Prehistoric Embroidery

Many years ago, when I studied creative embroidery (City and Guilds), a favourite topic was the history element.  There are several ancient pieces still extant.  There are quite a few pieces in the V&A Museum, including several medieval copes.  I expect these will be star pieces in their exhibition on opus Anglicanum later this year.  Perhaps the most famous, ancient embroidery is the work known as the Bayeux Tapestry (11th century).
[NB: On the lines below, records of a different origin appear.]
(* Let $R$ be a unital ring and $E$ a directed graph. If for some integer $t\ge 0$ one has $C_{t+1}\subseteq\bigcup_{m=0}^{t}C_m$, then $\bigcup_{m=0}^{\infty}C_m=\bigcup_{m=0}^{t}C_m$.
   Context: A directed graph $E=(E^0,E^1,s,r)$ has vertex set $E^0$, edge set $E^1$, source and range maps $s,r$. A path is a sequence of edges $f_1\cdots f_n$ with $s(f_{i+1})=r(f_i)$, of length $\mathrm{len}=n$ (vertices are paths of length 0). $L_R(E)$ is the $R$-algebra generated by $v\in E^0$, $f,f^*$ ($f\in E^1$), with $R$ commuting with generators, subject to $v_iv_j=\delta_{i,j}v_i$; $s(f)f=fr(f)=f$, $r(f)f^*=f^*s(f)=f^*$; $f^*f'=\delta_{f,f'}r(f)$; and $\sum_{s(f)=v}ff^*=v$ whenever $s^{-1}(v)$ is nonempty and finite. For a path $\alpha=f_1\cdots f_n$, $\alpha^*=f_n^*\cdots f_1^*$. For $m\ge 0$, $C_m=\mathrm{Span}_R\{\alpha\beta^*:\alpha,\beta\text{ paths},\ \mathrm{len}(\alpha)=\mathrm{len}(\beta)=m\}\subseteq L_R(E)$. *)

theory Defs
  imports "HOL-Library.Poly_Mapping" "Graph_Theory.Digraph" "Graph_Theory.Arc_Walk"
begin

text \<open>Generators of the Leavitt path algebra: vertices, real edges, ghost edges.\<close>
datatype ('v, 'e) lgen = LV 'v | LE 'e | LG 'e

text \<open>We wrap lists so that the monoid is written additively, as required by the
  monoid-ring construction of HOL-Library.Poly_Mapping.\<close>
datatype 'a word = Word "'a list"

instantiation word :: (type) monoid_add
begin
definition zero_word_def: "0 = Word []"
fun plus_word where "plus_word (Word xs) (Word ys) = Word (xs @ ys)"
instance
proof
  fix a b c :: "'a word"
  show "a + b + c = a + (b + c)" by (cases a; cases b; cases c) simp
  show "0 + a = a" by (cases a) (simp add: zero_word_def)
  show "a + 0 = a" by (cases a) (simp add: zero_word_def)
qed
end

text \<open>The free R-algebra R<X> on the generators (R commuting with generators) is
  the monoid ring R[X*] of finitely supported functions words => R.\<close>
type_synonym ('r, 'v, 'e) freealg = "(('v, 'e) lgen word \<Rightarrow>\<^sub>0 'r)"

definition gm :: "('v, 'e) lgen \<Rightarrow> ('r::ring_1, 'v, 'e) freealg" where
  "gm g = Poly_Mapping.single (Word [g]) 1"

definition scal :: "'r::ring_1 \<Rightarrow> ('r, 'v, 'e) freealg" where
  "scal c = Poly_Mapping.single 0 c"

text \<open>The defining relations of L_R(E), each written as (lhs - rhs).  Generators
  not belonging to the graph are killed, so that the quotient is exactly L_R(E).\<close>
inductive_set leavitt_rels :: "('v, 'e) pre_digraph \<Rightarrow> ('r::ring_1, 'v, 'e) freealg set"
  for G where
  nonvert: "v \<notin> verts G \<Longrightarrow> gm (LV v) \<in> leavitt_rels G"
| nonedge1: "e \<notin> arcs G \<Longrightarrow> gm (LE e) \<in> leavitt_rels G"
| nonedge2: "e \<notin> arcs G \<Longrightarrow> gm (LG e) \<in> leavitt_rels G"
| vv: "v \<in> verts G \<Longrightarrow> w \<in> verts G \<Longrightarrow>
      gm (LV v) * gm (LV w) - (if v = w then gm (LV v) else 0) \<in> leavitt_rels G"
| se: "e \<in> arcs G \<Longrightarrow> gm (LV (tail G e)) * gm (LE e) - gm (LE e) \<in> leavitt_rels G"
| er: "e \<in> arcs G \<Longrightarrow> gm (LE e) * gm (LV (head G e)) - gm (LE e) \<in> leavitt_rels G"
| rg: "e \<in> arcs G \<Longrightarrow> gm (LV (head G e)) * gm (LG e) - gm (LG e) \<in> leavitt_rels G"
| gs: "e \<in> arcs G \<Longrightarrow> gm (LG e) * gm (LV (tail G e)) - gm (LG e) \<in> leavitt_rels G"
| ck1: "e \<in> arcs G \<Longrightarrow> f \<in> arcs G \<Longrightarrow>
      gm (LG e) * gm (LE f) - (if e = f then gm (LV (head G e)) else 0) \<in> leavitt_rels G"
| ck2: "v \<in> verts G \<Longrightarrow> {e \<in> arcs G. tail G e = v} \<noteq> {} \<Longrightarrow>
      finite {e \<in> arcs G. tail G e = v} \<Longrightarrow>
      (\<Sum>e\<in>{e \<in> arcs G. tail G e = v}. gm (LE e) * gm (LG e)) - gm (LV v) \<in> leavitt_rels G"

inductive_set leavitt_ideal :: "('v, 'e) pre_digraph \<Rightarrow> ('r::ring_1, 'v, 'e) freealg set"
  for G where
  zero: "0 \<in> leavitt_ideal G"
| add: "x \<in> leavitt_rels G \<Longrightarrow> y \<in> leavitt_ideal G \<Longrightarrow> a * x * b + y \<in> leavitt_ideal G"

text \<open>Path monomials: a path is an arc walk u p v of the digraph (length 0 walks
  are the vertices).  alpha and alpha^* as elements of the free algebra.\<close>
definition path_mon :: "'v \<Rightarrow> 'e list \<Rightarrow> ('r::ring_1, 'v, 'e) freealg" where
  "path_mon u p = (if p = [] then gm (LV u) else Poly_Mapping.single (Word (map LE p)) 1)"

definition path_star :: "'v \<Rightarrow> 'e list \<Rightarrow> ('r::ring_1, 'v, 'e) freealg" where
  "path_star u p = (if p = [] then gm (LV u) else Poly_Mapping.single (Word (rev (map LG p))) 1)"

text \<open>Representatives (in the free algebra) of elements of C_m = Span_R{alpha beta^*}.\<close>
inductive_set Cspan :: "('v, 'e) pre_digraph \<Rightarrow> nat \<Rightarrow> ('r::ring_1, 'v, 'e) freealg set"
  for G m where
  zero: "0 \<in> Cspan G m"
| add: "pre_digraph.awalk G u1 a v1 \<Longrightarrow> pre_digraph.awalk G u2 b v2 \<Longrightarrow>
        length a = m \<Longrightarrow> length b = m \<Longrightarrow> y \<in> Cspan G m \<Longrightarrow>
        scal c * path_mon u1 a * path_star u2 b + y \<in> Cspan G m"

text \<open>The class of x in L_R(E) = free algebra / ideal lies in C_m.\<close>
definition inC :: "('v, 'e) pre_digraph \<Rightarrow> nat \<Rightarrow> ('r::ring_1, 'v, 'e) freealg \<Rightarrow> bool" where
  "inC G m x \<longleftrightarrow> (\<exists>y \<in> Cspan G m. x - y \<in> leavitt_ideal G)"

end

theory Submission
  imports Defs
begin

(* Write E_F for the sum of e e^* over a finite set F of edges.  If F contains the first edges
   of the paths occurring in a representative of x \<in> C_(k+1), then E_F x E_F = x, because e^* e'
   is r(e) or 0.  Expanding, x is the sum of e (e^* x f) f^* over e, f \<in> F, while e^* C_k f \<subseteq> C_(k-1)
   and e C_k f^* \<subseteq> C_(k+1).  So x \<in> C_(k+1) lies in C_(j+1) as soon as every e^* x f lies in C_j.
   Induction on the levels then gives C_m \<inter> C_n \<subseteq> C_j for m \<le> j \<le> n, so the hypothesis yields
   C_(t+1) \<subseteq> C_t, and shows that C_(k+1) \<subseteq> C_k implies C_(k+2) \<subseteq> C_(k+1); hence C_n \<subseteq> C_t
   for all n \<ge> t. *)

section \<open>Congruence modulo the Leavitt relations\<close>

lemma leavitt_rels_subset_ideal: "x \<in> leavitt_rels G \<Longrightarrow> x \<in> leavitt_ideal G"
  using leavitt_ideal.add[OF _ leavitt_ideal.zero, of x G 1 1] by simp

lemma leavitt_ideal_add: "x \<in> leavitt_ideal G \<Longrightarrow> y \<in> leavitt_ideal G \<Longrightarrow> x + y \<in> leavitt_ideal G"
  by (induction x rule: leavitt_ideal.induct) (auto simp: add.assoc intro: leavitt_ideal.add)

lemma leavitt_ideal_mult_left: "x \<in> leavitt_ideal G \<Longrightarrow> c * x \<in> leavitt_ideal G"
proof (induction x rule: leavitt_ideal.induct)
  case (add x y a b)
  have "c * (a * x * b + y) = (c * a) * x * b + c * y" by (simp add: algebra_simps)
  with add show ?case by (metis leavitt_ideal.add)
qed (simp add: leavitt_ideal.zero)

lemma leavitt_ideal_mult_right: "x \<in> leavitt_ideal G \<Longrightarrow> x * c \<in> leavitt_ideal G"
proof (induction x rule: leavitt_ideal.induct)
  case (add x y a b)
  have "(a * x * b + y) * c = a * x * (b * c) + y * c" by (simp add: algebra_simps)
  with add show ?case by (metis leavitt_ideal.add)
qed (simp add: leavitt_ideal.zero)

lemma leavitt_ideal_uminus: "x \<in> leavitt_ideal G \<Longrightarrow> - x \<in> leavitt_ideal G"
  using leavitt_ideal_mult_left[of x G "-1"] by simp

definition leavitt_eq ::
    "('v, 'e) pre_digraph \<Rightarrow> ('r::ring_1, 'v, 'e) freealg \<Rightarrow> ('r, 'v, 'e) freealg \<Rightarrow> bool" where
  "leavitt_eq G x y \<longleftrightarrow> x - y \<in> leavitt_ideal G"

lemma leavitt_eq_refl [simp]: "leavitt_eq G x x"
  by (simp add: leavitt_eq_def leavitt_ideal.zero)

lemma leavitt_eq_sym: "leavitt_eq G x y \<Longrightarrow> leavitt_eq G y x"
  unfolding leavitt_eq_def using leavitt_ideal_uminus[of "x - y" G] by simp

lemma leavitt_eq_trans [trans]: "leavitt_eq G x y \<Longrightarrow> leavitt_eq G y z \<Longrightarrow> leavitt_eq G x z"
  unfolding leavitt_eq_def using leavitt_ideal_add[of "x - y" G "y - z"] by simp

lemma leavitt_eq_add: "leavitt_eq G x x' \<Longrightarrow> leavitt_eq G y y' \<Longrightarrow> leavitt_eq G (x + y) (x' + y')"
  unfolding leavitt_eq_def using leavitt_ideal_add[of "x - x'" G "y - y'"] by (simp add: algebra_simps)

lemma leavitt_eq_mult:
  assumes "leavitt_eq G x x'" and "leavitt_eq G y y'"
  shows "leavitt_eq G (x * y) (x' * y')"
proof -
  have "x * y - x' * y' = (x - x') * y + x' * (y - y')" by (simp add: algebra_simps)
  with assms show ?thesis
    unfolding leavitt_eq_def by (metis leavitt_ideal_add leavitt_ideal_mult_left leavitt_ideal_mult_right)
qed

lemma leavitt_eq_mult_left: "leavitt_eq G y y' \<Longrightarrow> leavitt_eq G (x * y) (x * y')"
  by (rule leavitt_eq_mult[OF leavitt_eq_refl])

lemma leavitt_eq_mult_right: "leavitt_eq G x x' \<Longrightarrow> leavitt_eq G (x * y) (x' * y)"
  by (rule leavitt_eq_mult[OF _ leavitt_eq_refl])

lemma leavitt_eq_sum: "(\<And>i. i \<in> A \<Longrightarrow> leavitt_eq G (f i) (g i)) \<Longrightarrow> leavitt_eq G (sum f A) (sum g A)"
  by (induction A rule: infinite_finite_induct) (auto intro: leavitt_eq_add)

lemma leavitt_eq_of_rel: "x - y \<in> leavitt_rels G \<Longrightarrow> leavitt_eq G x y"
  unfolding leavitt_eq_def by (rule leavitt_rels_subset_ideal)

section \<open>The levels \<open>C\<^sub>m\<close>\<close>

lemma scal_mult_single_commute: "scal c * Poly_Mapping.single w 1 = Poly_Mapping.single w 1 * scal c"
  by (simp add: scal_def mult_single)

lemma gm_mult_scal: "gm g * (scal c * x) = scal c * (gm g * x)"
  unfolding gm_def by (simp add: mult.assoc[symmetric] scal_mult_single_commute)

lemma Cspan_add: "x \<in> Cspan G m \<Longrightarrow> y \<in> Cspan G m \<Longrightarrow> x + y \<in> Cspan G m"
  by (induction x rule: Cspan.induct) (auto simp: add.assoc intro: Cspan.add)

lemma inC_zero: "inC G m 0"
  unfolding inC_def by (intro bexI[of _ 0]) (simp_all add: Cspan.zero leavitt_ideal.zero)

lemma inC_add: "inC G m x \<Longrightarrow> inC G m y \<Longrightarrow> inC G m (x + y)"
  unfolding inC_def using Cspan_add leavitt_eq_add[of G x _ y] by (metis leavitt_eq_def)

lemma inC_sum: "(\<And>i. i \<in> A \<Longrightarrow> inC G m (f i)) \<Longrightarrow> inC G m (sum f A)"
  by (induction A rule: infinite_finite_induct) (auto intro: inC_add inC_zero)

lemma inC_leavitt_eq: "inC G m y \<Longrightarrow> leavitt_eq G x y \<Longrightarrow> inC G m x"
  unfolding inC_def by (metis leavitt_eq_def leavitt_eq_trans)

lemma inC_monomial:
  "pre_digraph.awalk G u1 a v1 \<Longrightarrow> pre_digraph.awalk G u2 b v2 \<Longrightarrow> length a = m \<Longrightarrow> length b = m \<Longrightarrow>
   inC G m (scal c * path_mon u1 a * path_star u2 b)"
  unfolding inC_def using Cspan.add[OF _ _ _ _ Cspan.zero] leavitt_eq_refl
  by (metis add.right_neutral leavitt_eq_def)

lemma inC_scal_mult_if:
  "(P \<Longrightarrow> Q \<Longrightarrow> inC G m (scal c * x * y)) \<Longrightarrow>
   inC G m (scal c * ((if P then x else 0) * (if Q then y else 0)))"
  by (cases P; cases Q) (auto simp: inC_zero mult.assoc)

lemma inC_mult_both_sides:
  assumes "inC G k x"
    and "\<And>u1 a v1 u2 b v2 c. pre_digraph.awalk G u1 a v1 \<Longrightarrow> pre_digraph.awalk G u2 b v2 \<Longrightarrow>
           length a = k \<Longrightarrow> length b = k \<Longrightarrow>
           inC G j (l * (scal c * path_mon u1 a * path_star u2 b) * r)"
  shows "inC G j (l * x * r)"
proof -
  obtain y where y: "y \<in> Cspan G k" "leavitt_eq G x y"
    using assms(1) unfolding inC_def leavitt_eq_def by blast
  from y(1) have "inC G j (l * y * r)"
  proof (induction rule: Cspan.induct)
    case (add u1 a v1 u2 b v2 y c)
    then show ?case using assms(2)[of u1 a v1 u2 b v2 c] by (simp add: algebra_simps inC_add)
  qed (simp add: inC_zero)
  moreover have "leavitt_eq G (l * x * r) (l * y * r)"
    using y(2) by (intro leavitt_eq_mult_left leavitt_eq_mult_right)
  ultimately show ?thesis by (rule inC_leavitt_eq)
qed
There is also some interesting Viking embroidery at the National Museum of Denmark (which dates from 970/971AD).  I think the oldest embroidery that exists was found in China.

Today I saw evidence of an exceptionally ancient piece of English embroidery.  Click HERE for a picture though it is not very exciting - and it looks just the same in real life.  What is remarkable is that it is over 2000 years old.  It is a piece of iron which was once a brooch.  The brooch corroded but the mark of the woven cloth it was attached to was imprinted on its surface and, it is said, shows evidence of embroidery at its edge.  I looked very closely but I could not see it, but perhaps with a magnifying glass, and no glass cabinet in between?  Yet I still thought it really fascinating because it showed evidence of "ordinary" embroidery in pre-historic Britain.  It dates from 250-100BC and was found in the East Riding of Yorkshire.
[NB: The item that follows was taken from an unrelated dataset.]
(* Let $G=(V,E,\gamma,c)$ be a typed DAG task executed on a platform with $M_s\ge1$ cores of each type $s\in S$ under a work-conserving scheduling algorithm. Let $\pi=(\tau_1,\dots,\tau_k)$ be a critical path of an arbitrary execution sequence of $G$ with finish times $f(\cdot)$. Set $f(\tau_0):=0$; for $1\le i\le k$ let $y_i$ be the total length of the time within $[f(\tau_{i-1}),f(\tau_i))$ during which $\tau_i$ is not executing, and for $s\in S$ let $\mathcal{Y}_s=\sum_{i:\gamma(\tau_i)=s}y_i$. Then for every $s\in S$, \[ \mathcal{Y}_s\le \frac{1}{M_s}\sum_{v\in \mathrm{ivs}(\pi,s)}c(v). \]
   Context: A typed DAG task is $G=(V,E,\gamma,c)$ where $(V,E)$ is a finite directed acyclic graph with a unique source $v_{src}$ and a unique sink $v_{snk}$, $S$ is a finite set of core types, $\gamma:V\to S$ gives the type of each vertex, and $c:V\to\mathbb{R}_{\ge0}$ gives the WCET of each vertex. The platform has $M_s\ge1$ cores of type $s$. $\mathrm{pre}(u)$, $\mathrm{ans}(u)$, $\mathrm{des}(u)$ denote the (immediate) predecessors, ancestors and descendants of $u$. A complete path is a path from $v_{src}$ to $v_{snk}$. For $v\in V$, $\mathrm{par}(v)=\{u\in V: u\ne v,\ \gamma(u)=\gamma(v),\ u\notin \mathrm{ans}(v)\cup\mathrm{des}(v)\}$. For a path $\pi=(\tau_1,\dots,\tau_k)$ and $s\in S$, $\mathrm{ivs}(\pi,s)=\bigcup_{i:\gamma(\tau_i)=s}\mathrm{par}(\tau_i)$. Runtime model: a vertex becomes eligible when all its predecessors have finished (the source at time $0$); a vertex $v$ may only execute on cores of type $\gamma(v)$, one core at a time, for a total of at most $c(v)$ time units. Scheduling is work-conserving: an eligible unfinished vertex of type $s$ must be executing whenever some core of type $s$ is available. An execution sequence is a resulting trace; $f(v)$ is the finish time of $v$. A critical path of an execution sequence is a complete path $(\tau_1,\dots,\tau_k)$ with $f(\tau_{i-1})=\max_{u\in\mathrm{pre}(\tau_i)}f(u)$ for all $2\le i\le k$. *)

theory Defs
  imports "HOL-Analysis.Analysis"
begin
It was part of the British Museum, Celts: Art and Identity exhibition.  There were two other pieces of embroidery on display - one a banner at the entrance which dated from 1896 (designed by a TH Thomas) and used annually in the Welsh Eisteddfod, and another decorating part of a "druid" costume, also for the Eisteddfod.

The exhibition looked at what is meant by the term Celtic - like many such labels its meaning has changed over time.  Originally it was the Greeks back in 500BC who used it to describe people of continental Europe (not Britain or Ireland), later it was used to differentiate non-Roman people.  In 1703-7, "Celtic" described the languages of Scotland, Wales, Cornwall, Ireland, Brittany and the Isle of Man which are all connected linguistically but then developed separately.  The eighteenth century was also the time when the idea of the Celts was first romanticised.

I learnt that Celtic is not a race of people but a term to describe communities with a non-Mediterranean way of looking at the world (ie, they were different from the Classical world).  Celtic art is identified as including stylised plants, animals and people with abstract shape-shifting designs, most likely reflecting religious beliefs.  Celtic art was picked up and used by the Romans, and it developed and changed over the years. It was used to decorate pots, weapons, books and jewellery - all of which were on display.  There were a large number of torcs - some of them very fine and delicate, some hefty and looked very uncomfortable to wear.  It is believed the different designs represented regional differences.

Going around this exhibition looking at the designs that survived on pots and other objects I wondered how many would have been inspired by, or replicated in, embroidery.  This week an archaeological dig in Cambridgeshire (Must Farm) was reported as finding textiles dating from the Bronze Age so perhaps there is a chance of finding some even older embroidery.

The exhibition at the British Museum continues until 31st January 2016.